Packer himself was shaken. He had delivered that kind of message to hundreds of children and their families. But Becca was nearly 16. He had been treating her for more than four years. In Packer's line of work, a doctor rarely gets to know patients for that long. "You try to be compassionate and understand the horrible information you're conveying," he said. "And yet at the same time you have to be honest." Now the options were even narrower. He would talk to the neurosurgeon, and they would weigh the risks and benefits of yet another operation and then talk it over with the family. "I don't want to put her through any more than necessary," he said. "She's been through so much already." Over the next few days, Packer and neurosurgeon Steven J. Schiff decided to recommend surgery, but they were still not sure how much tumor could be safely removed -- or what would come next. In medical terms, they had to decide how aggressive to be. To make a follow-up treatment possible, they would have to remove at least 75 percent of the tumor. Taking much more would risk serious brain damage.

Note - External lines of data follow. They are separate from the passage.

lemma frac_add_H_train_reachable:
  assumes "x \<in> reachable p q n" "h \<in> H_train q"
  shows "frac (x + h) \<in> reachable p q n"
proof -
  obtain i j z where x: "i < n" "x = real i / real p + real j / real q + of_int z"
    using assms(1) unfolding reachable_def by blast
  obtain j' where "h = frac (real j' / real q)"
    using assms(2) unfolding H_train_def by blast
  then have "frac (x + h) = real i / real p + real (j + j') / real q
                         + of_int (z - \<lfloor>real j' / real q\<rfloor> - \<lfloor>x + h\<rfloor>)"
    using x(2) by (simp add: frac_def add_divide_distrib)
  then show ?thesis
    using x(1) unfolding reachable_def by blast
qed

lemma dataset_subset_reachable:
  assumes "D 0 = {}"
    and step: "\<And>n. D n \<union> Eval p n \<subseteq> reachable p q (Suc n) \<Longrightarrow> D (Suc n) \<subseteq> reachable p q (Suc n)"
  shows "D n \<subseteq> reachable p q n"
proof (induction n)
  case 0
  then show ?case using assms(1) by simp
next
  case (Suc n)
  then have "D n \<union> Eval p n \<subseteq> reachable p q (Suc n)"
    using reachable_mono[of n "Suc n" p q] Eval_subset_reachable[of p n q] by auto
  then show ?case by (rule step)
qed

lemma D_single_subset_reachable:
  assumes "valid_single p q h c"
  shows "D_single p h c n \<subseteq> reachable p q n"
proof (rule dataset_subset_reachable)
  fix n
  assume prev: "D_single p h c n \<union> Eval p n \<subseteq> reachable p q (Suc n)"
  moreover have "frac (c n + h n) \<in> reachable p q (Suc n)"
    using assms prev frac_add_H_train_reachable unfolding valid_single_def by blast
  ultimately show "D_single p h c (Suc n) \<subseteq> reachable p q (Suc n)" by simp
qed simp

lemma D_batch_subset_reachable:
  assumes "valid_batch p q h C"
  shows "D_batch p h C n \<subseteq> reachable p q n"
proof (rule dataset_subset_reachable)
  fix n
  assume prev: "D_batch p h C n \<union> Eval p n \<subseteq> reachable p q (Suc n)"
  moreover have "(\<lambda>x. frac (x + h n)) ` C n \<subseteq> reachable p q (Suc n)"
    using assms prev frac_add_H_train_reachable unfolding valid_batch_def by blast
  ultimately show "D_batch p h C (Suc n) \<subseteq> reachable p q (Suc n)" by simp
qed simp

lemma D_full_subset_reachable: "D_full p q n \<subseteq> reachable p q n"
proof (rule dataset_subset_reachable)
  fix n
  assume "D_full p q n \<union> Eval p n \<subseteq> reachable p q (Suc n)"
  then show "D_full p q (Suc n) \<subseteq> reachable p q (Suc n)"
    using frac_add_H_train_reachable by fastforce
qed simp

lemma fdist_le_cnorm:
  assumes "q \<ge> 1"
  shows "fdist p q m \<le> cnorm (real j / real q - of_int m / real p)"
proof -
  have "real j = real (j mod q) + real q * real (j div q)"
    by (metis of_nat_add of_nat_mult mod_mult_div_eq)
  then have "real j / real q - of_int m / real p
             = (real (j mod q) / real q - of_int m / real p) + of_int (int (j div q))"
    using assms by (simp add: field_simps)
  then have "cnorm (real j / real q - of_int m / real p)
             = cnorm (real (j mod q) / real q - of_int m / real p)"
    by (simp only: cnorm_add_of_int)
  moreover have "j mod q \<le> q - 1"
    using assms by (simp add: less_Suc_eq_le[symmetric])
  ultimately show ?thesis
    unfolding fdist_def by (intro Min_le) auto
qed

lemma fdist_attained:
  assumes "q \<ge> 1"
  obtains j where "j < q" "fdist p q m = cnorm (real j / real q - of_int m / real p)"
proof -
  have "fdist p q m \<in> {cnorm (real j / real q - of_int m / real p) | j. j \<le> q - 1}"
    unfolding fdist_def by (rule Min_in) auto
  then obtain j where "j \<le> q - 1" "fdist p q m = cnorm (real j / real q - of_int m / real p)"
    by blast
  moreover from this(1) have "j < q"
    using assms by linarith
  ultimately show ?thesis
    using that by blast
qed

lemma s_star_le: "s_star \<epsilon> p q \<le> p"
  unfolding s_star_def by (rule Min_le) auto

lemma s_star_le_of_fdist_less: "m \<in> {1..p-1} \<Longrightarrow> fdist p q (int m) < \<epsilon> \<Longrightarrow> s_star \<epsilon> p q \<le> m"
  unfolding s_star_def by (rule Min_le) auto

lemma s_star_cases:
  obtains "s_star \<epsilon> p q = p"
  | "s_star \<epsilon> p q \<in> {1..p-1}" "fdist p q (int (s_star \<epsilon> p q)) < \<epsilon>"
proof -
  have "s_star \<epsilon> p q \<in> {m \<in> {1..p-1}. fdist p q (int m) < \<epsilon>} \<union> {p}"
    unfolding s_star_def by (rule Min_in) auto
  then show ?thesis
    using that by blast
qed

lemma s_star_pos: "p \<ge> 1 \<Longrightarrow> s_star \<epsilon> p q \<ge> 1"
  by (cases rule: s_star_cases[where \<epsilon> = \<epsilon> and p = p and q = q]) auto

lemma far_from_reachable_before_s_star:
  assumes "q \<ge> 1" "n < s_star \<epsilon> p q" "x \<in> reachable p q n"
  shows "cnorm (frac (real n / real p) - x) \<ge> \<epsilon>"
proof -
  obtain i j z where ij: "i < n" "x = real i / real p + real j / real q + of_int z"
    using assms(3) unfolding reachable_def by blast
  define m where "m = n - i"
  have m: "m \<in> {1..p-1}" "m \<le> n"
    using ij(1) assms(2) s_star_le[of \<epsilon> p q] by (auto simp: m_def)
  have "real n / real p - x = - (real j / real q - of_int (int m) / real p) + of_int (- z)"
    using ij by (simp add: m_def diff_divide_distrib)
  then have "cnorm (frac (real n / real p) - x) = cnorm (real j / real q - of_int (int m) / real p)"
    by (simp only: cnorm_frac_diff cnorm_add_of_int cnorm_uminus)
  moreover have "\<not> fdist p q (int m) < \<epsilon>"
    using s_star_le_of_fdist_less[OF m(1)] m(2) assms(2) by fastforce
  ultimately show ?thesis
    using fdist_le_cnorm[OF assms(1), of p "int m" j] by linarith
qed

lemma miss_ratio_eq_0_iff: "miss_ratio \<epsilon> p D n = 0 \<longleftrightarrow> frac (real n / real p) \<in> Vnb \<epsilon> D"
  unfolding miss_ratio_def Eval_def by (cases "frac (real n / real p) \<in> Vnb \<epsilon> D") auto

lemma miss_ratio_before_s_star:
  assumes "q \<ge> 1" "D \<subseteq> reachable p q n" "n < s_star \<epsilon> p q"
  shows "miss_ratio \<epsilon> p D n \<noteq> 0"
  using far_from_reachable_before_s_star[OF assms(1,3)] assms(2)
  unfolding miss_ratio_eq_0_iff Vnb_def by force

lemma first_hit_ge_s_star:
  assumes "q \<ge> 1" "\<And>n. D n \<subseteq> reachable p q n" "first_hit \<epsilon> p D n"
  shows "s_star \<epsilon> p q \<le> n"
  using assms miss_ratio_before_s_star unfolding first_hit_def by (meson not_le)

lemma first_hit_s_star:
  assumes "q \<ge> 1" "\<And>n. D n \<subseteq> reachable p q n"
    and "x \<in> D (s_star \<epsilon> p q)" "cnorm (frac (real (s_star \<epsilon> p q) / real p) - x) < \<epsilon>"
  shows "first_hit \<epsilon> p D (s_star \<epsilon> p q)"
  using assms(3,4) miss_ratio_before_s_star[OF assms(1,2)] frac_ge_0 frac_lt_1
  unfolding first_hit_def miss_ratio_eq_0_iff Vnb_def by blast

lemma s_star_near_H_train:
  assumes "p \<ge> 1" "q \<ge> 1" "\<epsilon> > 0"
  obtains j where "j < q" "cnorm (frac (real (s_star \<epsilon> p q) / real p) - frac (real j / real q)) < \<epsilon>"
proof (cases rule: s_star_cases[where \<epsilon> = \<epsilon> and p = p and q = q])
  case 1
  then have "cnorm (frac (real (s_star \<epsilon> p q) / real p) - frac (real 0 / real q)) < \<epsilon>"
    using assms by (simp add: cnorm_def)
  with assms(2) show ?thesis
    by (intro that[of 0]) auto
next
  case 2
  let ?s = "s_star \<epsilon> p q"
  obtain j where "j < q" "fdist p q (int ?s) = cnorm (real j / real q - of_int (int ?s) / real p)"
    using fdist_attained[OF assms(2)] by blast
  moreover have "cnorm (frac (real ?s / real p) - frac (real j / real q))
                 = cnorm (real j / real q - of_int (int ?s) / real p)"
    by (metis cnorm_frac_diff cnorm_diff_commute of_int_of_nat_eq)
  ultimately show ?thesis
    using that 2(2) by simp
qed

lemma mono_D_single: "mono (D_single p h c)"
  unfolding mono_iff_le_Suc by auto

lemma mono_D_batch: "mono (D_batch p h C)"
  unfolding mono_iff_le_Suc by auto

lemma mono_D_full:
  assumes "q \<ge> 1"
  shows "mono (D_full p q)"
  unfolding mono_iff_le_Suc
proof
  fix n
  show "D_full p q n \<subseteq> D_full p q (Suc n)"
  proof (cases n)
    case (Suc k)
    have "0 \<in> H_train q"
      using assms unfolding H_train_def by (intro CollectI exI[of _ 0]) simp
    show ?thesis
    proof
      fix y
      assume y: "y \<in> D_full p q n"
      then have "frac (y + 0) = y"
        unfolding Suc by auto
      with y \<open>0 \<in> H_train q\<close> show "y \<in> D_full p q (Suc n)"
        unfolding D_full.simps(2)[of p q n] by (metis (mono_tags, lifting) CollectI UnI1)
    qed
  qed simp
qed

lemma s_star_in_hits_single:
  assumes "p \<ge> 1" "q \<ge> 1" "\<epsilon> > 0"
  shows "s_star \<epsilon> p q \<in> hits_single \<epsilon> p q"
proof -
  obtain j where j: "j < q" "cnorm (frac (real (s_star \<epsilon> p q) / real p) - frac (real j / real q)) < \<epsilon>"
    using s_star_near_H_train[OF assms] .
  define h where "h = (\<lambda>_::nat. frac (real j / real q))"
  define c where "c = (\<lambda>n::nat. frac (real n / real p))"
  have "frac (real j / real q) \<in> H_train q"
    unfolding H_train_def using j(1) by blast
  then have valid: "valid_single p q h c"
    unfolding valid_single_def h_def c_def Eval_def by simp
  have "frac (real j / real q) \<in> D_single p h c 1"
    by (simp add: h_def c_def)
  moreover have "D_single p h c 1 \<subseteq> D_single p h c (s_star \<epsilon> p q)"
    using mono_D_single s_star_pos[OF assms(1)] by (rule monoD)
  ultimately have "first_hit \<epsilon> p (D_single p h c) (s_star \<epsilon> p q)"
    using first_hit_s_star[OF assms(2) D_single_subset_reachable[OF valid] _ j(2)] by blast
  with valid show ?thesis
    unfolding hits_single_def by blast
qed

"Last time, I tried to get every bit of tumor that I could," said neurosurgeon Schiff, standing next to Becca's brain scans lit up on the operating room wall. "Looking at these films, I think I may be able to get 80 percent, maybe 90 percent." Even that would likely damage her vision slightly. The tumor itself had begun to affect her peripheral vision. This surgery probably would make that worse. Becca and her parents, in a meeting with Schiff, had been warned about these and other dangers. Doctors have an ethical obligation to be frank about a treatment's risks, which in brain surgery are many. But Becca tended to take even potential risks quite literally. Her usual stoicism broke down when she heard the possibility of going blind or losing strength on her right side. She cried all through the meeting. The operation took five hours. Schiff followed the same incisions he had made in November, starting with the question-mark-shaped line above her left ear. Still it took two hours to get at the tumor.

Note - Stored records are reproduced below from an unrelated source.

lemma sem_alpha_congruent: "wf_prog n S \<Longrightarrow> alpha_congruent n \<alpha> (sem n S)"
proof (induction S)
  case (Seq S0 S1)
  then show ?case unfolding sem_Seq_eq_comp by (intro alpha_congruent_comp) auto
next
  case (If qs P S1 S0)
  then have "alpha_congruent n \<alpha> (sem n (Assert qs P))" "alpha_congruent n \<alpha> (sem n (Assert qs (perp qs P)))"
    by (auto intro!: sem_basic_alpha_congruent simp: projector_perp)
  with If have "alpha_congruent n \<alpha> (sem n (Seq (Assert qs P) S1))"
    "alpha_congruent n \<alpha> (sem n (Seq (Assert qs (perp qs P)) S0))"
    unfolding sem_Seq_eq_comp by (auto intro: alpha_congruent_comp)
  moreover have "\<forall>\<rho>\<in>Dens n. sem n (Seq (Assert qs P) S1) \<rho> + sem n (Seq (Assert qs (perp qs P)) S0) \<rho> \<in> Dens n"
    using sem_Dens[OF If.prems] by simp
  ultimately show ?case unfolding sem_If_eq by (rule alpha_congruent_add)
next
  case (While qs P S)
  then have "alpha_congruent n \<alpha> (sem n (Assert qs P))" "alpha_congruent n \<alpha> (sem n (Assert qs (perp qs P)))"
    by (auto intro!: sem_basic_alpha_congruent simp: projector_perp)
  with While have "alpha_congruent n \<alpha> (sem n (Assert qs (perp qs P)) \<circ> (sem n (Seq (Assert qs P) S) ^^ i))" for i
    unfolding sem_Seq_eq_comp by (auto intro: alpha_congruent_comp alpha_congruent_funpow)
  then show ?case unfolding sem_While_eq by (rule alpha_congruent_msuminf[OF _ while_series_Dens[OF While.prems]])
qed (auto intro: sem_basic_alpha_congruent)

Guided by the ultrasound monitor beside him, Schiff went about removing as much tumor as possible. That took nearly two more hours of delicate work, trying to distinguish between infiltrating tumor and normal brain, making sure not to damage any key blood vessels or nerves. "We've taken as much out as we think we ought to," Schiff said finally. "There's still tumor in there. I'd like to say I got 90 percent of it, but it's probably more like 80-some." He could have taken out more, he said, but only by causing her the same effect a stroke might have in an older person. Recovery came slower this time. Even when awake, Becca was anxious and confused at first. In the intensive care unit, she insisted that her dad spend the first night at her side; he catnapped on a stool with his arm hooked around her bedrail and his chin on the top bar.